lemma arith_4cycle_intro:
  assumes "[int (h s t) - int (h s' t) + int (h s' t') - int (h s t')
      + of_bool ex * arith_diff h k s t - of_bool ey * arith_diff h k s' t
      + of_bool ez * arith_diff h k s' t' - of_bool ew * arith_diff h k s t' = 0] (mod int n)"
    and "s = s' \<Longrightarrow>
      \<not> [of_bool ex * arith_diff h k s t = of_bool ey * arith_diff h k s t] (mod int n)"
    and "t = t' \<Longrightarrow>
      \<not> [of_bool ez * arith_diff h k s' t = of_bool ey * arith_diff h k s' t] (mod int n)"
  shows "arith_4cycle n h k"
  unfolding arith_4cycle_def Let_def
proof (intro exI conjI notI)
  show "[arith_offset h k s t ex - arith_offset h k s' t ey + arith_offset h k s' t' ez
      - arith_offset h k s t' ew = 0] (mod int n)"
    using assms(1) by (simp add: arith_offset_eq algebra_simps)
next
  assume "s = s' \<and> [arith_offset h k s t ex = arith_offset h k s' t ey] (mod int n)"
  then obtain eq: "s = s'"
    and c: "[arith_offset h k s t ex = arith_offset h k s' t ey] (mod int n)" ..
  from c have "[of_bool ex * arith_diff h k s' t = of_bool ey * arith_diff h k s' t] (mod int n)"
    unfolding arith_offset_eq eq cong_add_lcancel .
  with assms(2)[OF eq] show False
    unfolding eq by blast
next
  assume "t = t' \<and> [arith_offset h k s' t' ez = arith_offset h k s' t ey] (mod int n)"
  then obtain eq: "t = t'"
    and c: "[arith_offset h k s' t' ez = arith_offset h k s' t ey] (mod int n)" ..
  from c have "[of_bool ez * arith_diff h k s' t' = of_bool ey * arith_diff h k s' t'] (mod int n)"
    unfolding arith_offset_eq eq cong_add_lcancel .
  with assms(3)[OF eq] show False
    unfolding eq by blast
qed

lemma has_4cycle_if_arith_4cycle:
  assumes n: "0 < n" and "arith_4cycle n h k"
  shows "has_4cycle (arith_V n) (arith_adj n h k)"
proof -
  obtain s s' t t' ex ey ez ew x y z w where
    x: "x = arith_offset h k s t ex" and y: "y = arith_offset h k s' t ey" and
    z: "z = arith_offset h k s' t' ez" and w: "w = arith_offset h k s t' ew" and
    closed: "[x - y + z - w = 0] (mod int n)" and
    ac: "\<not> (s = s' \<and> [x = y] (mod int n))" and bd: "\<not> (t = t' \<and> [z = y] (mod int n))"
    using assms(2) unfolding arith_4cycle_def Let_def by blast
  define vx :: "bool \<Rightarrow> bool \<Rightarrow> int \<Rightarrow> avert"
    where "vx p r m = (p, r, nat (m mod int n))" for p r m
  have "[x = 0 + arith_offset h k s t ex] (mod int n)" using x by simp
  then have ab: "arith_adj n h k (vx False s 0) (vx True t x)"
    unfolding vx_def by (rule arith_adj_A_B_int[OF n])
  have "[x = (x - y) + arith_offset h k s' t ey] (mod int n)" using y by simp
  then have cb: "arith_adj n h k (vx False s' (x - y)) (vx True t x)"
    unfolding vx_def by (rule arith_adj_A_B_int[OF n])
  have "[x - y + z = (x - y) + arith_offset h k s' t' ez] (mod int n)" using z by simp
  then have cd: "arith_adj n h k (vx False s' (x - y)) (vx True t' (x - y + z))"
    unfolding vx_def by (rule arith_adj_A_B_int[OF n])
  have "[x - y + z = 0 + arith_offset h k s t' ew] (mod int n)"
    using closed w by (simp add: cong_iff_dvd_diff)
  then have ad: "arith_adj n h k (vx False s 0) (vx True t' (x - y + z))"
    unfolding vx_def by (rule arith_adj_A_B_int[OF n])
  have "vx False s 0 \<noteq> vx False s' (x - y)"
    using ac n by (auto simp: vx_def cong_iff_dvd_diff dvd_eq_mod_eq_0 nat_eq_iff)
  moreover have "vx True t x \<noteq> vx True t' (x - y + z)"
    using bd n
    by (auto simp: vx_def cong_iff_dvd_diff mod_eq_dvd_iff eq_nat_nat_iff dvd_diff_commute)
  ultimately have "distinct [vx False s 0, vx True t x, vx False s' (x - y), vx True t' (x - y + z)]"
    by (simp add: vx_def)
  moreover have "vx p r m \<in> arith_V n" for p r m
    using n by (simp add: vx_def arith_V_def nat_less_iff)
  ultimately show ?thesis
    unfolding has_4cycle_def using ab cb cd ad arith_adj_commute by blast
qed
(* Let $(S,* )$ be a finite cycle set of size $n$ and class $d>1$, with germ $\overline G$, and let $d=p_1^{a_1}\cdots p_r^{a_r}$ be the prime factorization of $d$. Put $\alpha_i=p_i^{a_i}$ and $\beta_i=d/\alpha_i$. Then: (i) for each $i$, $\overline G^{[\beta_i]}$ is a Sylow $p_i$-subgroup of $\overline G$; (ii) for all $i,j$, $\overline G^{[\beta_i]}\,\overline G^{[\beta_j]}=\overline G^{[\beta_j]}\,\overline G^{[\beta_i]}$ as subsets of $\overline G$; (iii) $\overline G=\overline G^{[\beta_1]}\,\overline G^{[\beta_2]}\cdots\overline G^{[\beta_r]}$.
   Context: A cycle set is a set $S$ with a binary operation $*$ such that for every $s$ the map $t\mapsto s*t$ is a bijection and $(s*t)*(s*u)=(t*s)*(t*u)$ for all $s,t,u$. Write $S=\{s_1,\dots,s_n\}$, let $\psi(s)\in\mathfrak S_n$ satisfy $s_i*s_j=s_{\psi(s_i)(j)}$, $T(s)=s*s$, and $\psi_k(s)=\psi(T^{k-1}(s))\circ\cdots\circ\psi(s)$. The class $d$ is the least $d\ge1$ with $\psi_d(s)=\mathrm{id}$ for all $s$. $P_\sigma$ is the matrix with $1$ at $(i,\sigma(i))$, zeros elsewhere; $\zeta_d=e^{2i\pi/d}$. The germ $\overline G$ is the subgroup of $GL_n(\mathbb C)$ generated by $\bar s_i=\mathrm{diag}(1,\dots,\zeta_d,\dots,1)P_{\psi(s_i)}$ ($\zeta_d$ in position $i$); it has order $d^n$. For $s\in S$ and $k\ge1$, let $\overline{s^{[k]}}=\bar s\,\overline{T(s)}\cdots\overline{T^{k-1}(s)}\in\overline G$, and let $\overline G^{[k]}$ be the subgroup of $\overline G$ generated by $\{\overline{s^{[k]}}: s\in S\}$. Products of subgroups are set products $AB=\{ab\}$. *)

theory Defs
  imports "HOL-Algebra.Coset" "HOL-Algebra.Generated_Groups" "Jordan_Normal_Form.Matrix"
    "HOL-Computational_Algebra.Primes"
begin

text \<open>A finite set of size n is identified with {0..<n}; the cycle set operation is
  op i j = index of s_i * s_j, i.e. psi(s_i)(j) = op i j.\<close>

definition cycle_set :: "nat \<Rightarrow> (nat \<Rightarrow> nat \<Rightarrow> nat) \<Rightarrow> bool" where
  "cycle_set n op \<longleftrightarrow>
     (\<forall>i<n. bij_betw (op i) {0..<n} {0..<n}) \<and>
     (\<forall>s<n. \<forall>t<n. \<forall>u<n. op (op s t) (op s u) = op (op t s) (op t u))"
lemma fixpoint_exists: "\<exists>Qs\<in>Bspace S. \<forall>x\<in>space S \<times> sphere 0 1. T Qs x = Qs x"
proof -
  define Q0 :: "'s \<times> (real^'m) \<Rightarrow> real" where "Q0 = (\<lambda>_. 0)"
  have Q0: "Q0 \<in> Bspace S" unfolding Q0_def Bspace_iff by auto
  define e where "e n = \<gamma> ^ n / (1 - \<gamma>) * supnorm S (\<lambda>x. T Q0 x - Q0 x)" for n
  have "e \<longlonglongrightarrow> 0 / (1 - \<gamma>) * supnorm S (\<lambda>x. T Q0 x - Q0 x)"
    unfolding e_def using \<gamma>_nonneg \<gamma>_less_1 by (intro tendsto_intros LIMSEQ_power_zero) auto
  then have e: "e \<longlonglongrightarrow> 0" by simp
  obtain Qs where Qs: "Qs \<in> Bspace S"
    and tail: "\<And>n x. x \<in> space S \<times> sphere 0 1 \<Longrightarrow> \<bar>Qs x - (T ^^ n) Q0 x\<bar> \<le> e n"
    using Bspace_complete[OF iterate_Bspace[OF Q0] abs_iterate_diff_le[OF Q0, folded e_def] e] by blast
  have "T Qs x = Qs x" if x: "x \<in> space S \<times> sphere 0 1" for x
  proof -
    have bound: "\<bar>T Qs x - Qs x\<bar> \<le> 2 * e n" for n
    proof -
      have "\<bar>T Qs x - T ((T ^^ n) Q0) x\<bar> \<le> \<gamma> * e n"
        by (rule abs_diff_image_le[OF Qs iterate_Bspace[OF Q0] tail x])
      moreover have "\<gamma> * e n \<le> e n" "e (Suc n) \<le> e n"
        unfolding e_def using \<gamma>_nonneg \<gamma>_less_1 supnorm_diff_nonneg[OF maps_Bspace[OF Q0] Q0]
        by (auto intro!: mult_right_mono divide_right_mono mult_left_le_one_le simp: mult_le_cancel_left1)
      ultimately show ?thesis using tail[OF x, of "Suc n"] by simp
    qed
    have "(\<lambda>n. 2 * e n) \<longlonglongrightarrow> 2 * 0" by (intro tendsto_intros e)
    then have "\<bar>T Qs x - Qs x\<bar> \<le> 2 * 0" by (rule LIMSEQ_le_const) (use bound in blast)
    then show ?thesis by simp
  qed
  with Qs show ?thesis by blast
qed
(* Let $G$ be a dense $K_4^3\cup e$-free $3$-graph with $\lambda(G)>\frac{\sqrt3}{18}$. Then $G$ is $X_3$-free.
   Context: $K_4^3\cup e$ is the $3$-graph on $\{1,\dots,7\}$ with edges $\{123,124,134,234,567\}$. For a $3$-graph $G$ on $[n]$, $\lambda(G)=\max\{\sum_{e\in E(G)}\prod_{i\in e}x_i:\sum_ix_i=1,x_i\ge0\}$. An $r$-graph $G$ is dense if $\lambda(G')<\lambda(G)$ for every proper subgraph $G'$ of $G$. $X_i$ is the $3$-graph on $[2i+2]$ in which $\{1,2,2j+1,2j+2\}$ spans a $K_4^3$ for each $1\le j\le i$, and no other edges. *)

theory Defs
  imports Complex_Main
begin

definition hypergraph3 :: "'a set \<Rightarrow> 'a set set \<Rightarrow> bool" where
  "hypergraph3 V E \<longleftrightarrow> finite V \<and> (\<forall>e\<in>E. e \<subseteq> V \<and> card e = 3)"

definition lagrangian :: "'a set \<Rightarrow> 'a set set \<Rightarrow> real" where
  "lagrangian V E = (if V = {} then 0 else
     Sup {(\<Sum>e\<in>E. \<Prod>i\<in>e. x i) | x :: 'a \<Rightarrow> real.
            (\<forall>i\<in>V. 0 \<le> x i) \<and> (\<Sum>i\<in>V. x i) = 1})"

definition dense3 :: "'a set \<Rightarrow> 'a set set \<Rightarrow> bool" where
  "dense3 V E \<longleftrightarrow> (\<forall>V' E'. hypergraph3 V' E' \<and> V' \<subseteq> V \<and> E' \<subseteq> E \<and> (V', E') \<noteq> (V, E)
       \<longrightarrow> lagrangian V' E' < lagrangian V E)"

definition contains_copy :: "'b set \<Rightarrow> 'b set set \<Rightarrow> 'a set \<Rightarrow> 'a set set \<Rightarrow> bool" where
  "contains_copy VF EF V E \<longleftrightarrow>
     (\<exists>f. inj_on f VF \<and> f ` VF \<subseteq> V \<and> (\<forall>e\<in>EF. f ` e \<in> E))"

definition K43e_V :: "nat set" where "K43e_V = {1..7}"
definition K43e_E :: "nat set set" where
  "K43e_E = {{1,2,3},{1,2,4},{1,3,4},{2,3,4},{5,6,7}}"

definition X_V :: "nat \<Rightarrow> nat set" where "X_V i = {1..2*i+2}"
definition X_E :: "nat \<Rightarrow> nat set set" where
  "X_E i = {e. \<exists>j\<in>{1..i}. e \<subseteq> {1, 2, 2*j+1, 2*j+2} \<and> card e = 3}"

end

theory Submission
  imports Defs
begin
text \<open>The upper curvature bound enters here: near \<open>\<gamma> t\<close>, a parabola tangent to the boundary
  at \<open>\<gamma> t\<close> lies in the closure of \<open>\<Omega>\<close>.\<close>

lemma parabola_region_in_closure:
  obtains \<rho> K2 where "\<rho> > 0" "K2 > 0"
    "\<And>t p. t \<in> {0..1} \<Longrightarrow> norm (p - \<gamma> t) \<le> \<rho> \<Longrightarrow>
       (p - \<gamma> t) \<bullet> normal t \<ge> K2 * ((p - \<gamma> t) \<bullet> tangent t)^2 \<Longrightarrow> p \<in> closure \<Omega>"
proof -
  obtain k0 k1 where k: "k0 > 0" "\<And>s. s \<in> {-3..4} \<Longrightarrow> k0 \<le> \<kappa> s \<and> \<kappa> s \<le> k1"
    using curvature_bounds by metis
  have k01: "k0 \<le> k1" using k(2)[of 0] by auto
  define \<epsilon> where "\<epsilon> = min (1/2) (k0 / (13 + 6*k1))"
  have e: "\<epsilon> > 0" "\<epsilon> \<le> 1/2" "\<epsilon> * (13 + 6*k1) \<le> k0"
    using k(1) k01 by (auto simp: \<epsilon>_def min_def pos_le_divide_eq)
  obtain \<delta> where \<delta>: "\<delta> > 0"
    "\<And>t u. t \<in> {-3..4} \<Longrightarrow> t + u \<in> {-3..4} \<Longrightarrow> \<bar>u\<bar> < \<delta> \<Longrightarrow>
        norm (tangent (t+u) - tangent t - u *\<^sub>R dtangent t) \<le> \<epsilon> * \<bar>u\<bar>"
    "\<And>t u. t \<in> {-3..4} \<Longrightarrow> t + u \<in> {-3..4} \<Longrightarrow> \<bar>u\<bar> < \<delta> \<Longrightarrow>
        norm (\<gamma> (t+u) - \<gamma> t - u *\<^sub>R tangent t - (u^2/2) *\<^sub>R dtangent t) \<le> \<epsilon> * u^2"
    using taylor_uniform[OF e(1)] by metis
  obtain \<rho> where \<rho>: "\<rho> > 0"
    "\<And>t p. t \<in> {0..1} \<Longrightarrow> norm (p - \<gamma> t) \<le> \<rho> \<Longrightarrow> p \<notin> closure \<Omega> \<Longrightarrow>
       \<exists>u. \<bar>u\<bar> < \<delta> \<and> \<bar>u\<bar> \<le> 1 \<and> (p - \<gamma> (t+u)) \<bullet> normal (t+u) < 0"
    using exterior_point_below_nearby_tangent[OF \<delta>(1)] by metis
  show ?thesis
  proof (rule that[OF \<rho>(1), of "15 + 7*k1"])
    show "15 + 7*k1 > 0" using k(1) k01 by auto
    fix t p assume t: "t \<in> {0..1}" and pr: "norm (p - \<gamma> t) \<le> \<rho>"
      and pz: "(p - \<gamma> t) \<bullet> normal t \<ge> (15 + 7*k1) * ((p - \<gamma> t) \<bullet> tangent t)^2"
    show "p \<in> closure \<Omega>"
    proof (rule ccontr)
      assume "p \<notin> closure \<Omega>"
      then obtain u where u: "\<bar>u\<bar> < \<delta>" "\<bar>u\<bar> \<le> 1" and V: "(p - \<gamma> (t+u)) \<bullet> normal (t+u) < 0"
        using \<rho>(2)[OF t pr] by blast
      have tI: "t \<in> {-3..4}" "t + u \<in> {-3..4}" using t u by auto
      have kt: "k0 \<le> \<kappa> t" "\<kappa> t \<le> k1" using k(2)[of t] t by auto
      have "(p - \<gamma> (t+u)) \<bullet> normal (t+u) \<ge> 0"
        using e by (intro perturbed_parabola_nonneg[OF k(1) kt e u(2) pz]
            normal_coordinate_expansion[OF u(2) e(1) _ kt(2) \<delta>(2)[OF tI u(1)] \<delta>(3)[OF tI u(1)]]) auto
      with V show False by simp
    qed
  qed
qed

::::

*TASK ITEM*. Reproduce each line from the data that has "metis" in it.

*SOLUTION*.
    using curvature_bounds by metis
    using taylor_uniform[OF e(1)] by metis
    using exterior_point_below_nearby_tangent[OF \<delta>(1)] by metis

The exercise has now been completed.